Do you have an example we can look at? So far we have not seen an issue with propellers so long as the masses of the propellers and aircraft are scaled appropriately. However, if do have an example that is particularly bad we’d love to take a look so we can improve the model.
Hey Kibbet, finally made a helicopter with those airfoils you gave me after a bunch of research. Really cool update, Roblox! I’m currently in the process of ironing things out, since this video I’ve made interpolations between the rays since we know the pattern of the blades’ pitch as they revolve around the rotor hub. The latest versions have gone back and forth between having flapping and lead lag and not flapping and lead lag, but I really struggle controlling the helicopter when those are introduced and I’ll need to research more about what these do and how we control them for flight because as of right now I’m just letting the physics engine do the work for how they flap and lag, I’m not sure if there are even more controls in a helicopter for these, and if there are, it’s already bordering ridiculous to implement for the average player to pick up and play comfortably.

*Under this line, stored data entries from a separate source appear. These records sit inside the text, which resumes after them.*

lemma profinite_completion_minimal_closed_supplement_Int:
  assumes "C_group G"
    and H: "subgroup H (profinite_completion G)"
    and K: "closed_supplement (profinite_completion G) (profinite_completion_topology G) H K"
    and minimal: "\<And>K'. closed_supplement (profinite_completion G) (profinite_completion_topology G) H K' \<Longrightarrow>
      K' \<subseteq> K \<Longrightarrow> K' = K"
  shows "H \<inter> K = {\<one>\<^bsub>profinite_completion G\<^esub>}"
proof
  have component_trivial: "d N = N" if d: "d \<in> H \<inter> K" and N: "N \<in> fin_index_normals G" for d N
  proof -
    have "continuous_map (profinite_completion_topology G) (discrete_topology (carrier (G Mod N))) (\<lambda>f. f N)"
      using continuous_map_profinite_completion_component[OF N] by (simp add: FactGroup_def)
    with topological_group_profinite_completion H K minimal group_hom_profinite_completion_component[OF N]
      C_group_FactGroup[OF assms(1) fin_index_normals_normal[OF N]]
    have "(\<lambda>f. f N) ` (H \<inter> K) \<subseteq> {\<one>\<^bsub>G Mod N\<^esub>}"
      by (rule minimal_closed_supplement_image_trivial)
    then show ?thesis
      using d by auto
  qed
  show "H \<inter> K \<subseteq> {\<one>\<^bsub>profinite_completion G\<^esub>}"
  proof
    fix d assume d: "d \<in> H \<inter> K"
    then have "d \<in> carrier (profinite_completion G)"
      using subgroup.mem_carrier[OF H] by simp
    then have "d = \<one>\<^bsub>profinite_completion G\<^esub>"
      using component_trivial[OF d] by (rule profinite_completion_eq_oneI)
    then show "d \<in> {\<one>\<^bsub>profinite_completion G\<^esub>}"
      by simp
  qed
  show "{\<one>\<^bsub>profinite_completion G\<^esub>} \<subseteq> H \<inter> K"
    using subgroup.one_closed[OF H] subgroup.one_closed K by (auto simp: closed_supplement_def)
qed

theorem corollary2p5:
  fixes G :: "('a, 'b) monoid_scheme"
  assumes "C_group G"
  shows "profinite_C_group (profinite_completion G) (profinite_completion_topology G)"
  unfolding profinite_C_group_def
proof (intro conjI allI impI)
  let ?P = "profinite_completion G" and ?T = "profinite_completion_topology G"
  show "profinite_group ?P ?T"
    by (rule profinite_group_profinite_completion)
  fix H assume "subgroup H ?P \<and> closedin ?T H"
  then have H: "subgroup H ?P" "closedin ?T H"
    by simp_all
  obtain K where K: "closed_supplement ?P ?T H K"
    and minimal: "\<And>K'. closed_supplement ?P ?T H K' \<Longrightarrow> K' \<subseteq> K \<Longrightarrow> K' = K"
    using minimal_closed_supplement_exists[OF topological_group_profinite_completion
        compact_space_profinite_completion_topology H] by blast
  have "H \<inter> K = {\<one>\<^bsub>?P\<^esub>}"
    by (rule profinite_completion_minimal_closed_supplement_Int[OF assms H(1) K minimal])
  then show "\<exists>K. closedin ?T K \<and> permutable_complement ?P H K"
    using K by (auto simp: closed_supplement_def permutable_complement_def)
qed

end
(* Let $S$ be a finite semigroup satisfying the quasi-identities $$\forall a\,\forall b\,\forall \alpha\,\forall\beta\ \big((a\alpha=a\beta)\to(b\alpha=b\beta)\big),\qquad \forall a\,\forall b\,\forall \alpha\,\forall\beta\ \big((\alpha a=\beta a)\to(\alpha b=\beta b)\big).$$ Then $\mathrm{Ker}(S)=\mathrm{Red}(S)$, i.e. the kernel of $S$ is exactly the set of reducible elements of $S$.
   Context: The kernel $\mathrm{Ker}(S)$ of a finite semigroup $S$ is its (unique) minimal two-sided ideal. An element $s\in S$ is reducible if $s=ab$ for some $a,b\in S$; $\mathrm{Red}(S)$ is the set of reducible elements. *)

theory Defs
  imports Main
begin

definition two_sided_ideal :: "'a::semigroup_mult set \<Rightarrow> bool" where
  "two_sided_ideal I \<longleftrightarrow> I \<noteq> {} \<and> (\<forall>x\<in>I. \<forall>s. s * x \<in> I \<and> x * s \<in> I)"

definition minimal_ideal :: "'a::semigroup_mult set \<Rightarrow> bool" where
  "minimal_ideal I \<longleftrightarrow> two_sided_ideal I \<and> (\<forall>J. two_sided_ideal J \<and> J \<subseteq> I \<longrightarrow> J = I)"

definition Ker :: "'a::semigroup_mult set" where
  "Ker = (THE I. minimal_ideal I)"

definition Red :: "'a::semigroup_mult set" where
  "Red = {s. \<exists>a b. s = a * b}"

end

theory Submission
  imports Defs
begin

text \<open>
  The reducible elements always form an ideal, so it suffices to show that they lie in every
  ideal \<open>J\<close>. Given \<open>a * b\<close> and \<open>k \<in> J\<close>, finiteness yields powers \<open>u\<close>, \<open>y\<close> of \<open>k\<close> with
  \<open>u * y = y\<close>; the second quasi-identity turns \<open>(a * u) * y = a * y\<close> into
  \<open>a * u * b = a * b\<close>, which lies in \<open>J\<close> because \<open>u\<close> does.
\<close>

text \<open>\<open>spow k n\<close> is \<open>k ^ (n + 1)\<close>: without a unit there is no zeroth power.\<close>
primrec spow :: "'a::semigroup_mult \<Rightarrow> nat \<Rightarrow> 'a" where
  "spow k 0 = k"
| "spow k (Suc n) = k * spow k n"

lemma spow_add: "spow k (m + n + 1) = spow k m * spow k n"
  by (induction m) (simp_all add: mult.assoc)

lemma spow_mem_ideal: "two_sided_ideal J \<Longrightarrow> k \<in> J \<Longrightarrow> spow k n \<in> J"
  by (induction n) (auto simp: two_sided_ideal_def)

lemma finite_ex_spow_left_neutral:
  fixes k :: "'a::{finite,semigroup_mult}"
  obtains m n where "spow k m * spow k n = spow k n"
proof -
  have "\<not> inj (spow k)"
    using finite_imageD[of "spow k" UNIV] by auto
  then obtain i j where "spow k i = spow k j" "i < j"
    unfolding inj_def by (metis linorder_neqE_nat)
  moreover have "spow k j = spow k (j - i - 1) * spow k i"
    using \<open>i < j\<close> spow_add[of k "j - i - 1" i] by simp
  ultimately have "spow k (j - i - 1) * spow k i = spow k i"
    by simp
  then show thesis
    by (rule that)
qed

lemma two_sided_ideal_Red: "two_sided_ideal Red"
  unfolding two_sided_ideal_def Red_def by blast

lemma two_sided_ideal_Int:
  assumes I: "two_sided_ideal I" and J: "two_sided_ideal J"
  shows "two_sided_ideal (I \<inter> J)"
proof -
  obtain i j where "i \<in> I" "j \<in> J"
    using I J unfolding two_sided_ideal_def by blast
  then have "i * j \<in> I \<inter> J"
    using I J unfolding two_sided_ideal_def by blast
  then show ?thesis
    using I J unfolding two_sided_ideal_def by blast
qed

lemma minimal_ideal_unique:
  assumes I: "minimal_ideal I" and J: "minimal_ideal J"
  shows "I = J"
proof -
  have "two_sided_ideal (I \<inter> J)"
    using I J unfolding minimal_ideal_def by (blast intro: two_sided_ideal_Int)
  then have "I \<inter> J = I" and "I \<inter> J = J"
    using I J unfolding minimal_ideal_def by blast+
  then show ?thesis
    by simp
qed

lemma Ker_eqI:
  fixes I :: "'a::semigroup_mult set"
  assumes "minimal_ideal I"
  shows "Ker = I"
  unfolding Ker_def
proof (rule the_equality)
  fix J :: "'a set" assume "minimal_ideal J"
  then show "J = I"
    using assms by (rule minimal_ideal_unique)
qed (fact assms)

lemma Red_subset_ideal:
  fixes J :: "'a::{finite,semigroup_mult} set"
  assumes right: "\<And>(a::'a) b \<alpha> \<beta>. \<alpha> * a = \<beta> * a \<Longrightarrow> \<alpha> * b = \<beta> * b"
    and J: "two_sided_ideal J"
  shows "Red \<subseteq> J"
proof
  fix x :: 'a assume "x \<in> Red"
  then obtain a b where x: "x = a * b"
    unfolding Red_def by blast
  from J obtain k where "k \<in> J"
    unfolding two_sided_ideal_def by blast
  obtain m n where neutral: "spow k m * spow k n = spow k n"
    using finite_ex_spow_left_neutral .
  have "(a * spow k m) * spow k n = a * spow k n"
    by (simp add: mult.assoc neutral)
  then have "a * spow k m * b = x"
    unfolding x by (rule right)
  moreover have "a * spow k m \<in> J"
    using spow_mem_ideal[OF J \<open>k \<in> J\<close>] J unfolding two_sided_ideal_def by blast
  ultimately show "x \<in> J"
    using J unfolding two_sided_ideal_def by blast
qed

theorem lemma3:
  assumes left: "\<And>(a::'a::{finite,semigroup_mult}) b \<alpha> \<beta>. a * \<alpha> = a * \<beta> \<Longrightarrow> b * \<alpha> = b * \<beta>"
    and right: "\<And>(a::'a) b \<alpha> \<beta>. \<alpha> * a = \<beta> * a \<Longrightarrow> \<alpha> * b = \<beta> * b"
  shows "(Ker :: 'a set) = Red"
proof -
  have "Red \<subseteq> J" if "two_sided_ideal J" for J :: "'a set"
    using right that by (rule Red_subset_ideal)
  then have "minimal_ideal (Red :: 'a set)"
    unfolding minimal_ideal_def using two_sided_ideal_Red by blast
  then show ?thesis
    by (rule Ker_eqI)
qed

end
(* Let $\Gamma,\Delta$ be finitely generated groups with free continuous actions on compact metric spaces $Y$ and $X$ respectively, and let $f:Y\to X$ be a map inducing a coarse embedding of warped cones, i.e. there are an index set $I$, a map $i\mapsto t_i$ from $I$ onto $(0,\infty)$, a map $i\mapsto\tau_i\in(0,\infty)$, and non-decreasing functions $\sigma_\pm:[0,\infty)\to[0,\infty)$ tending to infinity with $\sigma_-(d_\Gamma(y,y'))\le d_\Delta(f(y),f(y'))\le\sigma_+(d_\Gamma(y,y'))$ on $(t_iY,d_\Gamma)\to(\tau_iX,d_\Delta)$ for all $i$. Then there is a cocycle $\delta:\Gamma\times Y\to\Delta$ (i.e. $\delta(\gamma_2,\gamma_1y)\delta(\gamma_1,y)=\delta(\gamma_2\gamma_1,y)$), continuous if $f$ is continuous, and non-decreasing functions $\rho_\pm:[0,\infty)\to[0,\infty)$ tending to infinity such that $\rho_-(|\gamma|)\le|\delta(\gamma,y)|\le\rho_+(|\gamma|)$ for all $\gamma\in\Gamma$, $y\in Y$. In particular, $\Gamma$ embeds coarsely into $\Delta$.
   Context: $|\cdot|$ is word length with respect to fixed finite symmetric generating sets. For a compact metric space $(Y,d)$ with a $\Gamma$-action and $t>0$, $tY$ is $Y$ with metric $td$ and $d_\Gamma$ is the largest metric on $tY$ with $d_\Gamma\le td$ and $d_\Gamma(y,sy)\le1$ for generators $s$. *)

theory Defs
  imports "HOL-Analysis.Analysis" "HOL-Algebra.Group_Action" "HOL-Algebra.Generated_Groups"
begin

definition fg_group :: "'g monoid \<Rightarrow> 'g set \<Rightarrow> bool" where
  "fg_group G S \<longleftrightarrow> group G \<and> finite S \<and> S \<subseteq> carrier G \<and>
     (\<forall>s\<in>S. inv\<^bsub>G\<^esub> s \<in> S) \<and> generate G S = carrier G"

definition word_length :: "'g monoid \<Rightarrow> 'g set \<Rightarrow> 'g \<Rightarrow> nat" where
  "word_length G S g = (LEAST n. \<exists>xs. set xs \<subseteq> S \<and> length xs = n \<and>
      foldr (\<lambda>x y. x \<otimes>\<^bsub>G\<^esub> y) xs \<one>\<^bsub>G\<^esub> = g)"

definition free_continuous_action :: "'g monoid \<Rightarrow> ('g \<Rightarrow> 'y::metric_space \<Rightarrow> 'y) \<Rightarrow> bool" where
  "free_continuous_action G act \<longleftrightarrow> group_action G UNIV act \<and>
     (\<forall>g\<in>carrier G. continuous_on UNIV (act g)) \<and>
     (\<forall>g\<in>carrier G. \<forall>y. act g y = y \<longrightarrow> g = \<one>\<^bsub>G\<^esub>)"

definition is_metric :: "('a \<Rightarrow> 'a \<Rightarrow> real) \<Rightarrow> bool" where
  "is_metric m \<longleftrightarrow> (\<forall>x y. m x y = 0 \<longleftrightarrow> x = y) \<and> (\<forall>x y. m x y = m y x) \<and>
     (\<forall>x y z. m x z \<le> m x y + m y z)"

definition warped_dist :: "'g set \<Rightarrow> ('g \<Rightarrow> 'y::metric_space \<Rightarrow> 'y) \<Rightarrow> real \<Rightarrow> 'y \<Rightarrow> 'y \<Rightarrow> real" where
  "warped_dist S act t y y' = Sup {m y y' | m. is_metric m \<and>
      (\<forall>a b. m a b \<le> t * dist a b) \<and> (\<forall>a. \<forall>s\<in>S. m a (act s a) \<le> 1)}"

definition control_fun :: "(real \<Rightarrow> real) \<Rightarrow> bool" where
  "control_fun \<rho> \<longleftrightarrow> mono_on {0..} \<rho> \<and> (\<forall>x\<ge>0. \<rho> x \<ge> 0) \<and> filterlim \<rho> at_top at_top"

definition cocycle :: "'g monoid \<Rightarrow> 'h monoid \<Rightarrow> ('g \<Rightarrow> 'y \<Rightarrow> 'y) \<Rightarrow> ('g \<Rightarrow> 'y \<Rightarrow> 'h) \<Rightarrow> bool" where
  "cocycle G H act \<delta> \<longleftrightarrow> (\<forall>g\<in>carrier G. \<forall>y. \<delta> g y \<in> carrier H) \<and>
     (\<forall>g1\<in>carrier G. \<forall>g2\<in>carrier G. \<forall>y.
        \<delta> g2 (act g1 y) \<otimes>\<^bsub>H\<^esub> \<delta> g1 y = \<delta> (g2 \<otimes>\<^bsub>G\<^esub> g1) y)"

definition coarse_embedding :: "'g monoid \<Rightarrow> 'g set \<Rightarrow> 'h monoid \<Rightarrow> 'h set \<Rightarrow> ('g \<Rightarrow> 'h) \<Rightarrow> bool" where
  "coarse_embedding G S H T \<phi> \<longleftrightarrow> \<phi> \<in> carrier G \<rightarrow> carrier H \<and>
     (\<exists>\<rho>m \<rho>p. control_fun \<rho>m \<and> control_fun \<rho>p \<and>
       (\<forall>g\<in>carrier G. \<forall>h\<in>carrier G.
          \<rho>m (real (word_length G S (inv\<^bsub>G\<^esub> g \<otimes>\<^bsub>G\<^esub> h)))
            \<le> real (word_length H T (inv\<^bsub>H\<^esub> \<phi> g \<otimes>\<^bsub>H\<^esub> \<phi> h)) \<and>
          real (word_length H T (inv\<^bsub>H\<^esub> \<phi> g \<otimes>\<^bsub>H\<^esub> \<phi> h))
            \<le> \<rho>p (real (word_length G S (inv\<^bsub>G\<^esub> g \<otimes>\<^bsub>G\<^esub> h)))))"

end

theory Submission
  imports Defs
begin

text \<open>
  The warped metric is the infimum of \<open>n + t e\<close> over chains from \<open>y\<close> to \<open>y'\<close> made of \<open>n\<close>
  generator jumps and of small moves of total length \<open>e\<close>. If this infimum stays below \<open>C\<close> for
  arbitrarily large \<open>t\<close>, then the moves become arbitrarily short, and uniform continuity of the
  generators on the compact space shows that \<open>y'\<close> is the image of \<open>y\<close> under a word of length at
  most \<open>C\<close>; by freeness this word has a well-defined value. Since \<open>f\<close> is bounded on the warped
  metrics and the scales \<open>\<tau>\<^sub>i\<close> are unbounded (for infinite \<open>\<Gamma>\<close>, as \<open>X\<close> is bounded), this
  yields \<open>f(\<gamma> y) = \<delta>(\<gamma>, y) f(y)\<close> with \<open>|\<delta>(\<gamma>, y)| \<le> \<sigma>\<^sub>+(|\<gamma>|)\<close>; freeness of the \<open>\<Delta>\<close>-action makes
  \<open>\<delta>\<close> a cocycle, the same argument for \<open>\<sigma>\<^sub>-\<close> bounds \<open>|\<gamma>|\<close> in terms of \<open>|\<delta>(\<gamma>, y)|\<close>, and
  \<open>\<delta>(\<gamma>, -)\<close> is locally constant when \<open>f\<close> is continuous because it takes values in a finite set
  of elements that act differently at every point.
\<close>

inductive warp_chain :: "'g set \<Rightarrow> ('g \<Rightarrow> 'a::metric_space \<Rightarrow> 'a) \<Rightarrow> 'a \<Rightarrow> 'a \<Rightarrow> nat \<Rightarrow> real \<Rightarrow> bool"
  for S act a where
  chain_refl: "warp_chain S act a a 0 0"
| chain_move: "warp_chain S act a b n e \<Longrightarrow> warp_chain S act a b' n (e + dist b b')"
| chain_jump: "warp_chain S act a b n e \<Longrightarrow> s \<in> S \<Longrightarrow> warp_chain S act a (act s b) (Suc n) e"

definition chain_dist :: "'g set \<Rightarrow> ('g \<Rightarrow> 'a::metric_space \<Rightarrow> 'a) \<Rightarrow> real \<Rightarrow> 'a \<Rightarrow> 'a \<Rightarrow> real" where
  "chain_dist S act t a b = Inf {real n + t * e | n e. warp_chain S act a b n e}"

lemma warp_chain_nonneg: "warp_chain S act a b n e \<Longrightarrow> 0 \<le> e"
  by (induction rule: warp_chain.induct) auto

lemma warp_chain_move_only: "warp_chain S act a b 0 (dist a b)"
  using chain_move[OF chain_refl, of S act a b] by simp

lemma warp_chain_trans:
  "warp_chain S act b c n2 e2 \<Longrightarrow> warp_chain S act a b n1 e1 \<Longrightarrow>
   warp_chain S act a c (n1 + n2) (e1 + e2)"
proof (induction rule: warp_chain.induct)
  case chain_refl
  then show ?case by simp
next
  case (chain_move b' n e b'')
  then have "warp_chain S act a b'' (n1 + n) ((e1 + e) + dist b' b'')"
    by (intro warp_chain.chain_move) auto
  then show ?case by (simp add: add.assoc)
next
  case (chain_jump b' n e s)
  then show ?case using warp_chain.chain_jump[of S act a b' "n1 + n" "e1 + e" s] by simp
qed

I also made a kinda garbage swashplate mock-up, got really close to a physics constraints heli, and then gave up when changing the ball sockets to prismatics when I still couldn’t get cyclic pitch naturally from the swashplate’s tilt. That model can be found here: https://create.roblox.com/store/asset/74266983123429/Helicopter-Swashplate-Octopod; all it would need is a better solution for the rod constraints connecting the pitch cylindrical constraint, the ball sockets (I recommend swapping them out with prismatics) for the octopod, and a slider implementation for the last degree of freedom that I think I omitted in this version of the rotor hub. That can be done simply by adding a slider limit to a cylindrical constraint that does the flapping motion of the blade. You can also find a starter helicopter bodykit and script here: https://create.roblox.com/store/asset/107651024770195/AH64-Apache. This should help if you’re going the route of programming the cyclic pitch like I ended up doing, but I wouldn’t recommend ray casting an incomplete unit circle like I did.
Testing this feature, we found that equipping Tools causes a massive lag spike related to HashProcessing-Task. Disabling experimental fluid forces fixed it. This only occurs in our published game, not in studio.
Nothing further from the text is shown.